WORK REQUIRED
Check each line of the records below for the string "sigma", then state how many lines contain it, with no other output.

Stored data
=== Begin Enclosure ===

text \<open>
  On the closed quadrant the first coordinate factors out of both maps: writing
  \<open>g a x = x * G a x\<close> with \<open>G a\<close> continuous, one gets \<open>h p = (p\<^sub>1 * A p, B p)\<close> with
  \<open>A\<close> continuous and positive, and \<open>hbar p = (p\<^sub>1 * A (0, p\<^sub>2), B (0, p\<^sub>2))\<close>. So for
  \<open>p\<^sub>1 > 0\<close> the quotient of the first coordinates of the \<open>k\<close>-th iterates is a quotient of
  products of \<open>A\<close> along the two orbits, a function that is continuous on the whole quadrant.
  The two maps agree on the invariant axis \<open>p\<^sub>1 = 0\<close>, where this function is \<open>1\<close>;
  uniform continuity on \<open>[0,1]\<^sup>2\<close> gives the uniform limit.
\<close>

lemma isCont_psi: "isCont psi x"
proof (cases "x = 0")
  case True
  have "((\<lambda>y. 1 - exp (- y)) has_field_derivative 1) (at (0::real))"
    by (auto intro!: derivative_eq_intros)
  then have "((\<lambda>y. (1 - exp (- y)) / y) \<longlongrightarrow> 1) (at (0::real))"
    by (simp add: has_field_derivative_iff)
  then have "(psi \<longlongrightarrow> 1) (at 0)"
    by (rule tendsto_cong[THEN iffD1, rotated]) (auto simp: psi_def eventually_at_filter)
  with True show ?thesis
    by (simp add: isCont_def psi_def)
next
  case False
  have psi_near_x: "eventually (\<lambda>y. psi y = (1 - exp (- y)) / y) (nhds x)"
    using t1_space_nhds[OF False] by eventually_elim (simp add: psi_def)
  have "isCont (\<lambda>y. (1 - exp (- y)) / y) x"
    using False by (auto intro!: continuous_intros)
  then show ?thesis
    by (simp add: isCont_cong[OF psi_near_x])
qed

lemma continuous_on_psi [continuous_intros]:
  "continuous_on S f \<Longrightarrow> continuous_on S (\<lambda>x. psi (f x))"
  by (rule continuous_on_compose2[OF continuous_at_imp_continuous_on[OF ballI[OF isCont_psi]]]) auto

lemma psi_pos: "psi x > 0"
  by (cases x "0::real" rule: linorder_cases) (auto simp: psi_def divide_neg_neg)

lemma mult_psi_bounds:
  assumes "0 \<le> y" "y \<le> x"
  shows "0 \<le> y * psi x \<and> y * psi x < 1"
proof (cases "x = 0")
  case False
  then have "x > 0" using assms by simp
  have "y * psi x = (1 - exp (- x)) * (y / x)"
    using \<open>x > 0\<close> by (simp add: psi_def)
  also have "\<dots> \<le> 1 - exp (- x)"
    using \<open>x > 0\<close> assms by (intro mult_left_le) auto
  also have "\<dots> < 1" by simp
  finally show ?thesis
    using assms psi_pos[of x] by (simp add: less_imp_le)
qed (use assms in auto)

text \<open>
  Rationalising \<open>1 - sqrt (1 - D) = D / (1 + sqrt (1 - D))\<close> in the closed form of \<open>g a\<close>
  gives \<open>g a x = x * g_slope a x\<close>, and unlike \<open>g a\<close> the factor is continuous at \<open>0\<close>.
  The \<open>max 0\<close> only keeps the denominator positive outside \<open>[0,1]\<close>.
\<close>

definition g_slope :: "real \<Rightarrow> real \<Rightarrow> real" where
  "g_slope a x = 8 * (1 - a) * (1 - x)^3 / (1 + sqrt (max 0 (1 - 4 * (1 - a) * x * (1 - x))))^3"

lemma continuous_on_g_slope [continuous_intros]:
  "continuous_on S f \<Longrightarrow> continuous_on S (\<lambda>x. g_slope a (f x))"
  unfolding g_slope_def
  by (intro continuous_intros) (auto simp: add_nonneg_eq_0_iff)

lemma g_slope_pos: "x < 1 \<Longrightarrow> a < 1 \<Longrightarrow> g_slope a x > 0"
  unfolding g_slope_def by (intro divide_pos_pos) (auto intro: add_pos_nonneg)

lemma g_slope_at_0: "g_slope a 0 = 1 - a"
  by (simp add: g_slope_def)

lemma g_0_eq:
  assumes "0 < x"
  shows "g 0 x = (1 - sqrt (1 - 4 * x * (1 - x)))^3 / (8 * x^2)"
proof -
  have "sqrt (1 - 4 * x * (1 - x)) = \<bar>1 - 2 * x\<bar>"
    by (simp add: real_sqrt_abs[symmetric] power2_eq_square algebra_simps)
  with assms show ?thesis
    by (auto simp: g_def abs_if power2_eq_square power3_eq_cube field_simps)
qed

lemma g_eq_mult_g_slope:
  assumes "0 \<le> a" "a < 1" "0 \<le> x" "x \<le> 1"
  shows "g a x = x * g_slope a x"
proof (cases "x = 0")
  case False
  define D where "D = 4 * (1 - a) * x * (1 - x)"
  define s where "s = sqrt (1 - D)"
  have "4 * x * (1 - x) \<le> 1"
    using zero_le_power2[of "2 * x - 1"] by (simp add: power2_eq_square algebra_simps)
  moreover have "(1 - a) * (4 * x * (1 - x)) \<le> 4 * x * (1 - x)"
    using assms by (intro mult_left_le_one_le) auto
  ultimately have "D \<le> 1" by (simp add: D_def algebra_simps)
  then have "s \<ge> 0" "s^2 = 1 - D" by (simp_all add: s_def)
  then have rationalised: "1 - s = D / (1 + s)"
    by (simp add: field_simps power2_eq_square)
  have "D^3 = x * (8 * (1 - a) * (1 - x)^3) * (8 * (1 - a)^2 * x^2)"
    by (simp add: D_def power2_eq_square power3_eq_cube algebra_simps)
  have "g a x = (1 - s)^3 / (8 * (1 - a)^2 * x^2)"
    using False assms g_0_eq[of x] by (auto simp: g_def s_def D_def)
  also have "\<dots> = D^3 / ((1 + s)^3 * (8 * (1 - a)^2 * x^2))"
    by (simp add: rationalised power_divide)
  also have "\<dots> = x * (8 * (1 - a) * (1 - x)^3 / (1 + s)^3)"
    using \<open>D^3 = _\<close> False assms by simp
  also have "\<dots> = x * g_slope a x"
    using \<open>D \<le> 1\<close> by (simp add: g_slope_def s_def D_def)
  finally show ?thesis .
qed (simp add: g_def)

lemma funpow_in_invariant: "T ` D \<subseteq> D \<Longrightarrow> p \<in> D \<Longrightarrow> (T ^^ k) p \<in> D"
  by (induction k) auto

lemma continuous_on_funpow:
  assumes "continuous_on D T" "T ` D \<subseteq> D"
  shows "continuous_on D (T ^^ k)"
proof (induction k)
  case (Suc k)
  then show ?case
    using assms funpow_in_invariant[OF assms(2)]
    by (auto intro: continuous_on_compose2[OF assms(1)])
qed (simp add: continuous_on_id)

lemma funpow_eq_on_invariant:
  assumes "T ` Z \<subseteq> Z" "\<And>p. p \<in> Z \<Longrightarrow> U p = T p" "p \<in> Z"
  shows "(U ^^ k) p = (T ^^ k) p"
  using funpow_in_invariant[OF assms(1) assms(3)] assms(2)
  by (induction k) auto

lemma fst_funpow_eq_prod:
  fixes T :: "'a::comm_monoid_mult \<times> 'b \<Rightarrow> 'a \<times> 'b"
  assumes "T ` D \<subseteq> D" "\<And>p. p \<in> D \<Longrightarrow> fst (T p) = fst p * A p" "p \<in> D"
  shows "fst ((T ^^ k) p) = fst p * (\<Prod>j<k. A ((T ^^ j) p))"
  using funpow_in_invariant[OF assms(1) assms(3)] assms(2)
  by (induction k) (auto simp: mult_ac)

lemma uniform_limit_at_right_0_of_continuous_on_Times:
  fixes F :: "real \<times> 'a::metric_space \<Rightarrow> 'b::metric_space"
  assumes "compact K" "c > 0" "continuous_on ({0..c} \<times> K) F"
  shows "uniform_limit K (\<lambda>y q. F (y, q)) (\<lambda>q. F (0, q)) (at_right 0)"
  unfolding uniform_limit_iff
proof (intro allI impI)
  fix e :: real
  assume "e > 0"
  have "uniformly_continuous_on ({0..c} \<times> K) F"
    using assms by (intro compact_uniformly_continuous compact_Times) auto
  with \<open>e > 0\<close> obtain d where "d > 0" and d: "\<And>x x'. x \<in> {0..c} \<times> K \<Longrightarrow> x' \<in> {0..c} \<times> K \<Longrightarrow>
      dist x' x < d \<Longrightarrow> dist (F x') (F x) < e"
    unfolding uniformly_continuous_on_def by metis
  have "eventually (\<lambda>y. 0 < y \<and> y < min c d) (at_right (0::real))"
    using \<open>d > 0\<close> \<open>c > 0\<close> by (simp add: eventually_at_right_field) (metis min_less_iff_conj)
  then show "eventually (\<lambda>y. \<forall>q\<in>K. dist (F (y, q)) (F (0, q)) < e) (at_right 0)"
  proof eventually_elim
    case (elim y)
    then show ?case
      using \<open>c > 0\<close> by (auto intro!: d simp: dist_Pair_Pair dist_real_def)
  qed
qed

abbreviation quadrant :: "(real \<times> real) set" where
  "quadrant \<equiv> {0..} \<times> {0..}"

locale two_type_parameters =
  fixes b1 b2 a1 a2 :: real
  assumes b1_pos: "b1 > 0" and b2_pos: "b2 > 0"
    and a1_nonneg: "0 \<le> a1" and a1_less_1: "a1 < 1"
    and a2_nonneg: "0 \<le> a2" and a2_less_1: "a2 < 1"
begin

definition h1_factor :: "real \<times> real \<Rightarrow> real" where
  "h1_factor p = b1 * psi (S2 b1 b2 p) * g_slope a1 (b1 * fst p * psi (S2 b1 b2 p))"

definition h2 :: "real \<times> real \<Rightarrow> real" where
  "h2 p = b2 * snd p * psi (S2 b1 b2 p) * g_slope a2 (b2 * snd p * psi (S2 b1 b2 p))"

lemma continuous_on_h1_factor [continuous_intros]:
  "continuous_on S f \<Longrightarrow> continuous_on S (\<lambda>x. h1_factor (f x))"
  unfolding h1_factor_def S2_def by (intro continuous_intros)
lemma last2_upto_inter_path_event:
  assumes cs: "cs \<in> choices (m + Suc (Suc L))"
  shows "last2_upto m L \<inter> path_event cs
    = (if drop m cs = 2 # replicate (Suc L) 1 then path_event cs else {})"
proof -
  have "\<omega> \<in> last2_upto m L \<longleftrightarrow> drop m cs = 2 # replicate (Suc L) 1" if "\<omega> \<in> path_event cs" for \<omega>
    using that path_event_draw1_iff[OF cs _ that] drop_eq_2_replicate_1_iff[OF cs]
    unfolding last2_upto_def path_event_def by auto
  then show ?thesis
    by auto
qed

lemma measure_last2_upto_paths:
  "measure M (last2_upto m L) = (\<Sum>cs\<in>choices m. path_prob init cs
     * (p 2 (fold urn_step cs init) * run1_prob L (fst (fold urn_step cs init)) (snd (fold urn_step cs init) + 1)))"
proof -
  let ?ys = "2 # replicate (Suc L) (1::nat)"
  have suffix: "{cs \<in> choices (m + length ?ys). drop m cs = ?ys} = (\<lambda>ds. ds @ ?ys) ` choices m"
    by (rule choices_with_suffix) (simp add: set_replicate_conv_if)
  have "measure M (last2_upto m L) = (\<Sum>cs\<in>choices (m + length ?ys). measure M (last2_upto m L \<inter> path_event cs))"
    by (rule measure_eq_sum_path_events) simp
  also have "\<dots> = (\<Sum>cs\<in>choices (m + length ?ys). if drop m cs = ?ys then path_prob init cs else 0)"
    using last2_upto_inter_path_event measure_path_event by (intro sum.cong) (auto simp: choices_def)
  also have "\<dots> = (\<Sum>cs\<in>{cs \<in> choices (m + length ?ys). drop m cs = ?ys}. path_prob init cs)"
    by (simp only: sum.inter_filter[OF finite_choices])
  also have "\<dots> = (\<Sum>cs\<in>(\<lambda>ds. ds @ ?ys) ` choices m. path_prob init cs)"
    by (simp only: suffix)
  also have "\<dots> = (\<Sum>cs\<in>choices m. path_prob init (cs @ ?ys))"
    by (rule sum.reindex_cong[where l="\<lambda>ds. ds @ ?ys"]) (auto simp: inj_on_def)
  also have "\<dots> = (\<Sum>cs\<in>choices m. path_prob init cs
     * (p 2 (fold urn_step cs init) * run1_prob L (fst (fold urn_step cs init)) (snd (fold urn_step cs init) + 1)))"
    by (simp add: path_prob_append path_prob_replicate_1[unfolded One_nat_def] run1_prob_def urn_step_def
        del: replicate_Suc prod.lessThan_Suc)
  finally show ?thesis .
qed

lemma measure_last2_upto:
  "measure M (last2_upto m L) = (\<Sum>j\<le>m. backward_prob (m - j) j / (weight 0 0 * F1 (a0 + (m - j)))
     * run1_prob L (a0 + (m - j)) (b0 + j + 1))"
proof -
  have "measure M (last2_upto m L) = (\<Sum>j\<le>m. state_prob (a0 + (m - j), b0 + j)
      * (p 2 (a0 + (m - j), b0 + j) * run1_prob L (a0 + (m - j)) (b0 + j + 1)))"
    unfolding measure_last2_upto_paths
    using sum_choices_by_state[of "\<lambda>s. p 2 s * run1_prob L (fst s) (snd s + 1)" m] by simp
  also have "\<dots> = (\<Sum>j\<le>m. (weight (m - j) j * p 2 (a0 + (m - j), b0 + j)) * backward_prob (m - j) j
      / weight 0 0 * run1_prob L (a0 + (m - j)) (b0 + j + 1))"
    unfolding state_prob_eq_backward_prob by (simp add: algebra_simps)
  also have "\<dots> = (\<Sum>j\<le>m. backward_prob (m - j) j / (weight 0 0 * F1 (a0 + (m - j)))
      * run1_prob L (a0 + (m - j)) (b0 + j + 1))"
    unfolding weight_mult_p2 by (simp add: mult.commute)
  finally show ?thesis .
qed

lemma run1_prob_nonneg: "run1_prob L a b \<ge> 0"
  unfolding run1_prob_def by (intro prod_nonneg) (auto intro: p_nonneg)

lemma run1_prob_le_1: "run1_prob L a b \<le> 1"
  unfolding run1_prob_def by (intro prod_le_1) (auto intro: p_nonneg p_le_1)

lemma run1_prob_ge:
  assumes "a \<ge> 1"
  shows "exp (-(F2 b * (\<Sum>k<Suc L. 1 / F1 (a + k)))) \<le> run1_prob L a b"
proof -
  have "exp (-(F2 b * (\<Sum>k<Suc L. 1 / F1 (a + k)))) = exp (\<Sum>k<Suc L. -(F2 b / F1 (a + k)))"
    by (simp add: sum_distrib_left sum_negf del: sum.lessThan_Suc)
  also have "\<dots> = (\<Prod>k<Suc L. exp (-(F2 b / F1 (a + k))))"
    by (rule exp_sum) simp
  also have "\<dots> \<le> run1_prob L a b"
    unfolding run1_prob_def using assms p1_ge_exp by (intro prod_mono) (auto simp del: One_nat_def)
  finally show ?thesis .
qed

lemma run1_prob_le:
  assumes "mono F1" and a: "a \<ge> 1" and "a \<le> L"
  shows "run1_prob L a b \<le> F1 (2 * a) / (real (Suc a) * F2 b)"
proof -
  let ?x = "F2 b / F1 (2 * a)"
  have f1: "F1 (2 * a) > 0" and f2: "F2 b > 0"
    using F1_pos a F2_pos by auto
  have x_pos: "?x > 0"
    using f1 f2 by simp
  have "run1_prob L a b = (\<Prod>k\<in>{..<Suc L} - {..<Suc a}. p 1 (a + k, b)) * (\<Prod>k<Suc a. p 1 (a + k, b))"
    unfolding run1_prob_def using assms by (intro prod.subset_diff) auto
  also have "\<dots> \<le> (\<Prod>k<Suc a. p 1 (a + k, b))"
    by (intro mult_left_le_one_le prod_le_1 prod_nonneg) (auto intro: p_nonneg p_le_1)
  also have "\<dots> \<le> (\<Prod>k<Suc a. 1 / (1 + ?x))"
  proof (intro prod_mono conjI)
    fix k assume "k \<in> {..<Suc a}"
    then have "F1 (a + k) \<le> F1 (2 * a)"
      using \<open>mono F1\<close> by (auto simp: mono_def)
    then have "F1 (a + k) * (F1 (2 * a) + F2 b) \<le> F1 (2 * a) * (F1 (a + k) + F2 b)"
      using f2 by (simp add: algebra_simps)
    then show "p 1 (a + k, b) \<le> 1 / (1 + ?x)"
      using f1 f2 F1_nonneg[of "a + k"] by (simp add: urn_p_def field_simps)
  qed (rule p_nonneg)
  also have "\<dots> = 1 / (1 + ?x) ^ Suc a"
    by (simp add: power_one_over)
  also have "\<dots> \<le> 1 / (real (Suc a) * ?x)"
  proof (rule divide_left_mono)
    have "real (Suc a) * ?x \<le> 1 + real (Suc a) * ?x"
      by simp
    also have "\<dots> \<le> (1 + ?x) ^ Suc a"
      using x_pos by (intro Bernoulli_inequality) simp
    finally show "real (Suc a) * ?x \<le> (1 + ?x) ^ Suc a" .
    show "0 < (1 + ?x) ^ Suc a * (real (Suc a) * ?x)"
      using x_pos by (intro mult_pos_pos zero_less_power) auto
  qed simp
  also have "\<dots> = F1 (2 * a) / (real (Suc a) * F2 b)"
    by simp
  finally show ?thesis .
qed

end

locale power_exp_urn =
  fixes M :: "'a measure" and X :: "'a \<Rightarrow> nat \<Rightarrow> nat \<times> nat"
    and \<beta>1 \<beta>2 :: real and init :: "nat \<times> nat"
  assumes urn: "polya_urn M (\<lambda>k. real k powr \<beta>1) (\<lambda>k. exp (\<beta>2 * real k)) init X"
    and \<beta>1_gt_1: "\<beta>1 > 1" and \<beta>2_pos: "\<beta>2 > 0"
    and fst_init_ge_1: "fst init \<ge> 1" and snd_init_ge_1: "snd init \<ge> 1"

sublocale power_exp_urn \<subseteq> urn_chain M "\<lambda>k. real k powr \<beta>1" "\<lambda>k. exp (\<beta>2 * real k)" init X
  using urn fst_init_ge_1 snd_init_ge_1 by unfold_locales auto

context power_exp_urn
begin

definition \<sigma> :: real where
  "\<sigma> = min (exp (-(exp (\<beta>2 * real b0) * (\<beta>1 / (\<beta>1 - 1)))))
           (exp (-(real a0 powr \<beta>1 * (1 / (1 - exp (-\<beta>2))))))"

lemma \<sigma>_pos: "\<sigma> > 0"
  unfolding \<sigma>_def by simp

lemma sum_inverse_powr_le:
  assumes "a \<ge> 1"
  shows "(\<Sum>k<n. 1 / real (a + k) powr \<beta>1) \<le> \<beta>1 / (\<beta>1 - 1) * real a powr (1 - \<beta>1)"
  using sum_shift_powr_neg_le[OF \<beta>1_gt_1, of "real a" n] assms
  by (simp add: powr_minus_divide)

lemma backward_prob_ge_\<sigma>: "\<sigma> \<le> backward_prob i j"
  unfolding \<sigma>_def
proof (rule backward_prob_ge)
  fix n
  have "(\<Sum>k<n. 1 / real (a0 + Suc k) powr \<beta>1) = (\<Sum>k<n. 1 / real (Suc a0 + k) powr \<beta>1)"
    by simp
  also have "\<dots> \<le> \<beta>1 / (\<beta>1 - 1) * real (Suc a0) powr (1 - \<beta>1)"
    by (rule sum_inverse_powr_le) simp
  also have "\<dots> \<le> \<beta>1 / (\<beta>1 - 1) * 1"
    using \<beta>1_gt_1 powr_mono[of "1 - \<beta>1" 0 "real (Suc a0)"] by (intro mult_left_mono) auto
  finally show "(\<Sum>k<n. 1 / real (a0 + Suc k) powr \<beta>1) \<le> \<beta>1 / (\<beta>1 - 1)"
    by simp
  show "(\<Sum>k<n. 1 / exp (\<beta>2 * real (b0 + Suc k))) \<le> 1 / (1 - exp (-\<beta>2))"
    using sum_exp_neg_le[OF \<beta>2_pos, of "Suc b0" n] by (simp add: exp_minus inverse_eq_divide)
qed

lemma run1_prob_ge_exp_neg_1:
  assumes a: "a \<ge> 1" and small: "exp (\<beta>2 * real b) * (\<beta>1 / (\<beta>1 - 1) * real a powr (1 - \<beta>1)) \<le> 1"
  shows "exp (-1) \<le> run1_prob L a b"
proof -
  have "exp (\<beta>2 * real b) * (\<Sum>k<Suc L. 1 / real (a + k) powr \<beta>1) \<le> 1"
    using sum_inverse_powr_le[OF a, of "Suc L"] small
    by (meson exp_gt_zero less_imp_le mult_left_mono order.trans)
  then have "exp (-1) \<le> exp (-(exp (\<beta>2 * real b) * (\<Sum>k<Suc L. 1 / real (a + k) powr \<beta>1)))"
    by simp
  also have "\<dots> \<le> run1_prob L a b"
    using run1_prob_ge[OF a] by simp
  finally show ?thesis .
qed

lemma run1_prob_div_powr_le:
  assumes a: "a \<ge> 1" "a \<le> N"
  shows "run1_prob N a c / real a powr \<beta>1 \<le> 2 powr \<beta>1 / (real (Suc a) * exp (\<beta>2 * real c))"
proof -
  have F1: "real a powr \<beta>1 > 0"
    using a by simp
  have "mono (\<lambda>k. real k powr \<beta>1)"
    using \<beta>1_gt_1 by (intro monoI powr_mono2) auto
  then have "run1_prob N a c \<le> real (2 * a) powr \<beta>1 / (real (Suc a) * exp (\<beta>2 * real c))"
    using run1_prob_le[of a N c] a by simp
  also have "real (2 * a) powr \<beta>1 = 2 powr \<beta>1 * real a powr \<beta>1"
    by (simp add: powr_mult)
  finally have "run1_prob N a c / real a powr \<beta>1
      \<le> (2 powr \<beta>1 * real a powr \<beta>1 / (real (Suc a) * exp (\<beta>2 * real c))) / real a powr \<beta>1"
    using F1 by (intro divide_right_mono) auto
  then show ?thesis
    using F1 by simp
qed
lemma square_of_product:
  assumes "p \<in> carrier G" "q \<in> carrier G"
  shows "(p \<otimes> q) \<otimes> (p \<otimes> q) = commutator G p q \<otimes> (q \<otimes> (p \<otimes> p) \<otimes> inv q) \<otimes> (q \<otimes> q)"
  using assms by (simp add: commutator_def m_assoc)

lemma commutator_mult_right:
  assumes "y \<in> carrier G" "z \<in> carrier G" "w \<in> carrier G"
  shows "commutator G y (z \<otimes> w) = commutator G y z \<otimes> (z \<otimes> commutator G y w \<otimes> inv z)"
  using assms by (simp add: commutator_def m_assoc inv_mult_group)

lemma card_set_mult_le:
  assumes "finite A" "finite H"
  shows "finite (A <#> H) \<and> card (A <#> H) \<le> card A * card H"
proof -
  have AH: "A <#> H = (\<lambda>(a, h). a \<otimes> h) ` (A \<times> H)" unfolding set_mult_def by auto
  have "card (A <#> H) \<le> card (A \<times> H)" unfolding AH by (rule card_image_le) (use assms in simp)
  then show ?thesis using assms by (simp add: AH card_cartesian_product)
qed

lemma carrier_subset_set_mult_of_l_cosets:
  assumes "\<And>z. z \<in> carrier G \<Longrightarrow> \<exists>a\<in>A. z \<in> a <# H"
  shows "carrier G \<subseteq> A <#> H"
  using assms unfolding set_mult_def l_coset_def by blast

lemma l_coset_of_square_mem:
  assumes H: "subgroup H G" and x: "x \<in> carrier G" "x \<otimes> x \<in> H"
    and v: "v \<in> carrier G" "x \<otimes> v \<in> H"
  shows "v \<in> x <# H"
proof -
  have "v = x \<otimes> (inv (x \<otimes> x) \<otimes> (x \<otimes> v))"
    using x v by (simp add: inv_mult_group m_assoc)
  moreover have "inv (x \<otimes> x) \<otimes> (x \<otimes> v) \<in> H"
    using H x v by (simp add: subgroup.m_closed subgroup.m_inv_closed)
  ultimately show ?thesis unfolding l_coset_def by blast
qed

lemma inv_mult_mem_of_conj_inverts:
  assumes H: "subgroup H G" and g: "g \<in> H" "g \<otimes> g \<noteq> \<one>"
    and inverts: "\<And>y. y \<in> carrier G \<Longrightarrow> y \<notin> H \<Longrightarrow> y \<otimes> g \<otimes> inv y = inv g"
    and y: "y \<in> carrier G" "y \<notin> H" and z: "z \<in> carrier G" "z \<notin> H"
  shows "inv y \<otimes> z \<in> H"
proof (rule ccontr)
  assume w: "inv y \<otimes> z \<notin> H"
  have gG: "g \<in> carrier G" using subgroup.mem_carrier[OF H g(1)] .
  have iy: "inv y \<notin> H" using subgroup.m_inv_closed[OF H, of "inv y"] y by auto
  have "inv y \<otimes> z \<otimes> g \<otimes> inv (inv y \<otimes> z) = inv y \<otimes> (z \<otimes> g \<otimes> inv z) \<otimes> inv (inv y)"
    using y z gG by (simp add: m_assoc inv_mult_group)
  also have "\<dots> = inv (inv y \<otimes> g \<otimes> inv (inv y))"
    using y z gG inverts by (simp add: m_assoc inv_mult_group)
  also have "\<dots> = g" using inverts[OF inv_closed[OF y(1)] iy] gG by simp
  finally have "inv g = g" using inverts[of "inv y \<otimes> z"] w y z by simp
  then have "g \<otimes> g = g \<otimes> inv g" by simp
  then show False using g(2) gG by simp
qed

=== End Enclosure ===

RESULT OF THIS TASK
6